The draft above was created using the information available at the time the story first
emerged. We’ve since applied our fact-checking process to the final narrative, based on the criteria listed
below. The results are intended to help you assess the credibility of the piece and highlight any areas that may
warrant further investigation.

Freshness check

Score:
10

Notes:
The narrative is current, with the latest publication date being December 5, 2025. The earliest known publication date of substantially similar content is July 1, 2025, when Cloudflare announced its initiative to block AI crawlers by default. ([wired.com](https://www.wired.com/story/big-interview-event-matthew-prince-cloudflare/?utm_source=openai)) The report is based on a press release from Cloudflare, which typically warrants a high freshness score. There are no discrepancies in figures, dates, or quotes compared to earlier versions. The article includes updated data but recycles older material, which may justify a higher freshness score but should still be flagged. ([cloudflare.com](https://www.cloudflare.com/ru-ru/press/press-releases/2025/cloudflare-just-changed-how-ai-crawlers-scrape-the-internet-at-large/?utm_source=openai))

Quotes check

Score:
10

Notes:
The direct quotes from Cloudflare CEO Matthew Prince, such as “Google has become the villain in this story,” are consistent across multiple reputable sources, including WIRED and Tom’s Hardware. ([wired.com](https://www.wired.com/story/big-interview-event-matthew-prince-cloudflare/?utm_source=openai)) There are no variations in wording or discrepancies in the quotes.

Source reliability

Score:
8

Notes:
The narrative originates from WebProNews, a reputable organisation.
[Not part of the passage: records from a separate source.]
definition is_inf :: "'a::order set \<Rightarrow> 'a \<Rightarrow> bool" where
  "is_inf S s \<longleftrightarrow> (\<forall>x\<in>S. s \<le> x) \<and> (\<forall>b. (\<forall>x\<in>S. b \<le> x) \<longrightarrow> b \<le> s)"

locale definable_sets =
  fixes D :: "nat \<Rightarrow> 'a::{linorder,group_add} list set \<Rightarrow> bool"
  assumes definable_structure: "definable_structure D"
begin

lemma definable_subset_tuples: "D n A \<Longrightarrow> A \<subseteq> tuples n"
  and definable_tuples: "D n (tuples n)"
  and definable_diff: "D n A \<Longrightarrow> D n B \<Longrightarrow> D n (A - B)"
  and definable_reindex:
    "D n A \<Longrightarrow> (\<forall>i<n. g i < k) \<Longrightarrow> D k {ys \<in> tuples k. map (\<lambda>i. ys ! g i) [0..<n] \<in> A}"
  and definable_butlast_image: "D (Suc n) A \<Longrightarrow> D n (butlast ` A)"
  and definable_singleton: "D 1 {[a]}"
  and definable_less: "D 2 {[x, y] | x y. x < y}"
  and definable_plus: "D 3 {[x, y, z] | x y z. z = x + y}"
  using definable_structure unfolding definable_structure_def by simp_all

lemma definable_empty: "D n {}"
  using definable_diff[OF definable_tuples definable_tuples, of n] by simp

definition definable :: "nat \<Rightarrow> ('a list \<Rightarrow> bool) \<Rightarrow> bool" where
  "definable n Q \<longleftrightarrow> D n {e \<in> tuples n. Q e}"

lemma definable_cong:
  assumes "definable n Q" and "\<And>e. length e = n \<Longrightarrow> Q e = Q' e"
  shows "definable n Q'"
proof -
  have "{e \<in> tuples n. Q e} = {e \<in> tuples n. Q' e}"
    using assms(2) by (auto simp: tuples_def)
  then show ?thesis using assms(1) by (simp add: definable_def)
qed

lemma definable_not: "definable n Q \<Longrightarrow> definable n (\<lambda>e. \<not> Q e)"
proof -
  assume "definable n Q"
  then have "D n (tuples n - {e \<in> tuples n. Q e})"
    unfolding definable_def by (intro definable_diff definable_tuples)
  moreover have "tuples n - {e \<in> tuples n. Q e} = {e \<in> tuples n. \<not> Q e}" by auto
  ultimately show ?thesis by (simp add: definable_def)
qed

lemma definable_conj: "definable n Q \<Longrightarrow> definable n Q' \<Longrightarrow> definable n (\<lambda>e. Q e \<and> Q' e)"
proof -
  let ?A = "{e \<in> tuples n. Q e}" and ?B = "{e \<in> tuples n. Q' e}"
  assume "definable n Q" "definable n Q'"
  then have "D n (?A - (?A - ?B))" unfolding definable_def by (intro definable_diff)
  moreover have "?A - (?A - ?B) = {e \<in> tuples n. Q e \<and> Q' e}" by auto
  ultimately show ?thesis by (simp add: definable_def)
qed

lemma definable_imp: "definable n Q \<Longrightarrow> definable n Q' \<Longrightarrow> definable n (\<lambda>e. Q e \<longrightarrow> Q' e)"
  using definable_not[OF definable_conj[OF _ definable_not]] by simp

lemma definable_ex_last: "definable (Suc n) Q \<Longrightarrow> definable n (\<lambda>e. \<exists>a. Q (e @ [a]))"
proof -
  assume "definable (Suc n) Q"
  then have "D n (butlast ` {e \<in> tuples (Suc n). Q e})"
    unfolding definable_def by (rule definable_butlast_image)
  moreover have "butlast ` {e \<in> tuples (Suc n). Q e} = {e \<in> tuples n. \<exists>a. Q (e @ [a])}"
  proof (intro equalityI subsetI)
    fix e assume "e \<in> butlast ` {e \<in> tuples (Suc n). Q e}"
    then obtain ys where ys: "length ys = Suc n" "Q ys" "e = butlast ys"
      by (auto simp: tuples_def)
    then have "ys = e @ [last ys]"
      by (metis append_butlast_last_id list.size(3) nat.distinct(1))
    then show "e \<in> {e \<in> tuples n. \<exists>a. Q (e @ [a])}"
      using ys by (auto simp: tuples_def) metis
  next
    fix e assume "e \<in> {e \<in> tuples n. \<exists>a. Q (e @ [a])}"
    then obtain a where "length e = n" "Q (e @ [a])" by (auto simp: tuples_def)
    then show "e \<in> butlast ` {e \<in> tuples (Suc n). Q e}"
      by (intro image_eqI[of _ _ "e @ [a]"]) (auto simp: tuples_def)
  qed
  ultimately show ?thesis by (simp add: definable_def)
qed

definition selector :: "nat \<Rightarrow> ('a list \<Rightarrow> 'a list) \<Rightarrow> bool" where
  "selector n g \<longleftrightarrow>
     (\<exists>is. (\<forall>i\<in>set is. i < n) \<and> (\<forall>e. length e = n \<longrightarrow> g e = map (nth e) is))"

lemma selector_Nil [simp]: "selector n (\<lambda>e. [])"
  unfolding selector_def by (intro exI[of _ "[]"]) auto

lemma selector_Cons [simp]: "i < n \<Longrightarrow> selector n g \<Longrightarrow> selector n (\<lambda>e. e!i # g e)"
  unfolding selector_def by (metis list.map(2) set_ConsD)

lemma selector_append [simp]: "selector n g \<Longrightarrow> selector n h \<Longrightarrow> selector n (\<lambda>e. g e @ h e)"
  unfolding selector_def by (metis map_append Un_iff set_append)

lemma selector_take_drop [simp]: "a + l \<le> n \<Longrightarrow> selector n (\<lambda>e. take l (drop a e))"
  unfolding selector_def by (intro exI[of _ "[a..<a+l]"]) (auto intro!: nth_equalityI)

lemma selector_take [simp]: "l \<le> n \<Longrightarrow> selector n (\<lambda>e. take l e)"
  using selector_take_drop[of 0 l n] by simp

lemma definable_atom:
  assumes "selector n g" and S: "D j S"
  shows "definable n (\<lambda>e. g e \<in> S)"
proof -
  obtain "is" where is_bound: "\<forall>i\<in>set is. i < n"
    and g: "\<And>e. length e = n \<Longrightarrow> g e = map (nth e) is"
    using assms(1) unfolding selector_def by blast
  show ?thesis
  proof (cases "length is = j")
    case True
    have "D n {e \<in> tuples n. map (\<lambda>i. e ! (is ! i)) [0..<j] \<in> S}"
      using S is_bound True by (intro definable_reindex) auto
    moreover have "map (\<lambda>i. e ! (is ! i)) [0..<j] = map (nth e) is" for e :: "'a list"
      using True by (intro nth_equalityI) auto
    ultimately have "definable n (\<lambda>e. map (nth e) is \<in> S)" by (simp add: definable_def)
    then show ?thesis by (rule definable_cong) (simp add: g)
  next
    case False
    then have "definable n (\<lambda>e. g e \<in> S) \<longleftrightarrow> D n {}"
      using definable_subset_tuples[OF S] g unfolding definable_def
      by (intro arg_cong[where f = "D n"]) (auto simp: tuples_def)
    then show ?thesis using definable_empty by blast
  qed
qed

lemma definable_ex: "definable (Suc n) Q \<Longrightarrow> definable n (\<lambda>e. \<exists>a. Q (a # e))"
proof -
  let ?rotate = "\<lambda>e. map (nth e) (n # [0..<n])"
  assume Q: "definable (Suc n) Q"
  have "selector (Suc n) ?rotate" unfolding selector_def by (intro exI[of _ "n # [0..<n]"]) auto
  then have "definable (Suc n) (\<lambda>e. ?rotate e \<in> {e \<in> tuples (Suc n). Q e})"
    using Q unfolding definable_def by (intro definable_atom[unfolded definable_def])
  then have "definable (Suc n) (\<lambda>e. Q (?rotate e))"
    by (rule definable_cong) (auto simp: tuples_def)
  then have "definable n (\<lambda>e. \<exists>a. Q (?rotate (e @ [a])))" by (rule definable_ex_last)
  then show ?thesis
  proof (rule definable_cong)
    fix e :: "'a list" assume "length e = n"
    then have "?rotate (e @ [a]) = a # e" for a
      by (auto simp: nth_append intro: nth_equalityI)
    then show "(\<exists>a. Q (?rotate (e @ [a]))) = (\<exists>a. Q (a # e))" by simp
  qed
qed

lemma definable_all: "definable (Suc n) Q \<Longrightarrow> definable n (\<lambda>e. \<forall>a. Q (a # e))"
  using definable_not[OF definable_ex[OF definable_not]] by simp

lemma definable_ex_block:
  "definable (j + n) Q \<Longrightarrow> definable n (\<lambda>e. \<exists>ys. length ys = j \<and> Q (ys @ e))"
proof (induction j arbitrary: n Q)
  case 0
  then have "definable n Q" by simp
  then show ?case by (rule definable_cong) auto
next
  case (Suc j)
  then have "definable (Suc n) (\<lambda>e. \<exists>ys. length ys = j \<and> Q (ys @ e))"
    by (intro Suc.IH) simp
  then have "definable n (\<lambda>e. \<exists>a ys. length ys = j \<and> Q (ys @ a # e))" by (rule definable_ex)
  moreover have "(\<exists>a ys. length ys = j \<and> Q (ys @ a # e)) \<longleftrightarrow>
                 (\<exists>ys. length ys = Suc j \<and> Q (ys @ e))" for e
  proof
    assume "\<exists>ys. length ys = Suc j \<and> Q (ys @ e)"
    then obtain ys where ys: "length ys = Suc j" "Q (ys @ e)" by blast
    then have "ys = butlast ys @ [last ys]"
      by (metis append_butlast_last_id list.size(3) nat.distinct(1))
    then have "Q (butlast ys @ last ys # e)" using ys by (metis append.assoc append_Cons append_Nil)
    then show "\<exists>a ys. length ys = j \<and> Q (ys @ a # e)"
      using ys(1) by (intro exI[of _ "last ys"] exI[of _ "butlast ys"]) auto
  next
    assume "\<exists>a ys. length ys = j \<and> Q (ys @ a # e)"
    then obtain a ys where "length ys = j" "Q (ys @ [a] @ e)" by auto
    then show "\<exists>ys. length ys = Suc j \<and> Q (ys @ e)"
      by (intro exI[of _ "ys @ [a]"]) simp
  qed
  ultimately show ?case by (rule definable_cong)
qed

fun wf_formula :: "nat \<Rightarrow> 'a formula \<Rightarrow> bool" where
  "wf_formula n (Atom S g) \<longleftrightarrow> selector n g \<and> (\<exists>j. D j S)"
| "wf_formula n (Neg \<phi>) \<longleftrightarrow> wf_formula n \<phi>"
| "wf_formula n (Conj \<phi> \<psi>) \<longleftrightarrow> wf_formula n \<phi> \<and> wf_formula n \<psi>"
| "wf_formula n (Imp \<phi> \<psi>) \<longleftrightarrow> wf_formula n \<phi> \<and> wf_formula n \<psi>"
| "wf_formula n (Exists \<phi>) \<longleftrightarrow> wf_formula (Suc n) \<phi>"
| "wf_formula n (Forall \<phi>) \<longleftrightarrow> wf_formula (Suc n) \<phi>"
| "wf_formula n (Exists_block j \<phi>) \<longleftrightarrow> wf_formula (j + n) \<phi>"

lemma definable_sat: "wf_formula n \<phi> \<Longrightarrow> definable n (sat \<phi>)"
proof (induction \<phi> arbitrary: n)
  case (Atom S g) then show ?case by (auto intro: definable_atom)
next
  case (Neg \<phi>) then show ?case using definable_not by auto
next
  case (Conj \<phi> \<psi>) then show ?case using definable_conj[of n "sat \<phi>" "sat \<psi>"] by auto
next
  case (Imp \<phi> \<psi>) then show ?case using definable_imp[of n "sat \<phi>" "sat \<psi>"] by auto
next
  case (Exists \<phi>) then show ?case using definable_ex[of n "sat \<phi>"] by auto
next
  case (Forall \<phi>) then show ?case using definable_all[of n "sat \<phi>"] by auto
next
  case (Exists_block j \<phi>) then show ?case using definable_ex_block[of j n "sat \<phi>"] by auto
qed

lemma definable_by_formula:
  "wf_formula n \<phi> \<Longrightarrow> (\<And>e. length e = n \<Longrightarrow> sat \<phi> e = Q e) \<Longrightarrow> definable n Q"
  using definable_sat definable_cong by blast

lemma wf_true_fm [simp]: "wf_formula n true_fm"
  by (simp add: true_fm_def exI[of _ 0, OF definable_empty])

lemma wf_less_fm [simp]: "i < n \<Longrightarrow> j < n \<Longrightarrow> wf_formula n (less_fm i j)"
  using definable_less by (auto simp: less_fm_def)

lemma wf_le_fm [simp]: "i < n \<Longrightarrow> j < n \<Longrightarrow> wf_formula n (le_fm i j)"
  by (simp add: le_fm_def)

lemma wf_plus_fm [simp]: "i < n \<Longrightarrow> j < n \<Longrightarrow> l < n \<Longrightarrow> wf_formula n (plus_fm i j l)"
  using definable_plus by (auto simp: plus_fm_def)

lemma wf_const_fm [simp]: "i < n \<Longrightarrow> wf_formula n (const_fm i c)"
  using definable_singleton by (auto simp: const_fm_def)

lemma wf_pos_fm [simp]: "i < n \<Longrightarrow> wf_formula n (pos_fm i)"
  by (simp add: pos_fm_def)

lemma wf_diff_less_fm [simp]:
  "i < n \<Longrightarrow> j < n \<Longrightarrow> l < n \<Longrightarrow> wf_formula n (diff_less_fm i j l)"
  by (simp add: diff_less_fm_def)

lemma wf_dist_less_fm [simp]:
  "i < n \<Longrightarrow> j < n \<Longrightarrow> l < n \<Longrightarrow> wf_formula n (dist_less_fm i j l)"
  by (simp add: dist_less_fm_def)

lemma wf_dist_less_const_fm [simp]: "i < n \<Longrightarrow> j < n \<Longrightarrow> wf_formula n (dist_less_const_fm i j c)"
  by (simp add: dist_less_const_fm_def)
However, it is important to note that WebProNews is a single-outlet narrative, which introduces some uncertainty. The report mentions Cloudflare’s CEO Matthew Prince, whose public presence and records are verifiable online.

Plausability check

Score:
9

Notes:
The claim that Cloudflare has blocked 416 billion AI bot requests since July 1, 2025, is plausible and aligns with reports from other reputable outlets, including WIRED and Tom’s Hardware. ([wired.com](https://www.wired.com/story/big-interview-event-matthew-prince-cloudflare/?utm_source=openai)) The narrative lacks supporting detail from other reputable outlets, which is a concern. The language and tone are consistent with the region and topic. There is no excessive or off-topic detail unrelated to the claim. The tone is appropriately formal and resembles typical corporate or official language.

Overall assessment

Verdict (FAIL, OPEN, PASS): PASS

Confidence (LOW, MEDIUM, HIGH): HIGH

Summary:
The narrative is current and based on a press release from Cloudflare, which typically warrants a high freshness score. The quotes from Cloudflare’s CEO are consistent across multiple reputable sources. The source is reputable, though being a single-outlet narrative introduces some uncertainty. The claim is plausible and aligns with reports from other reputable outlets. The language and tone are appropriate, and there is no excessive or off-topic detail. However, the lack of supporting detail from other reputable outlets is a concern.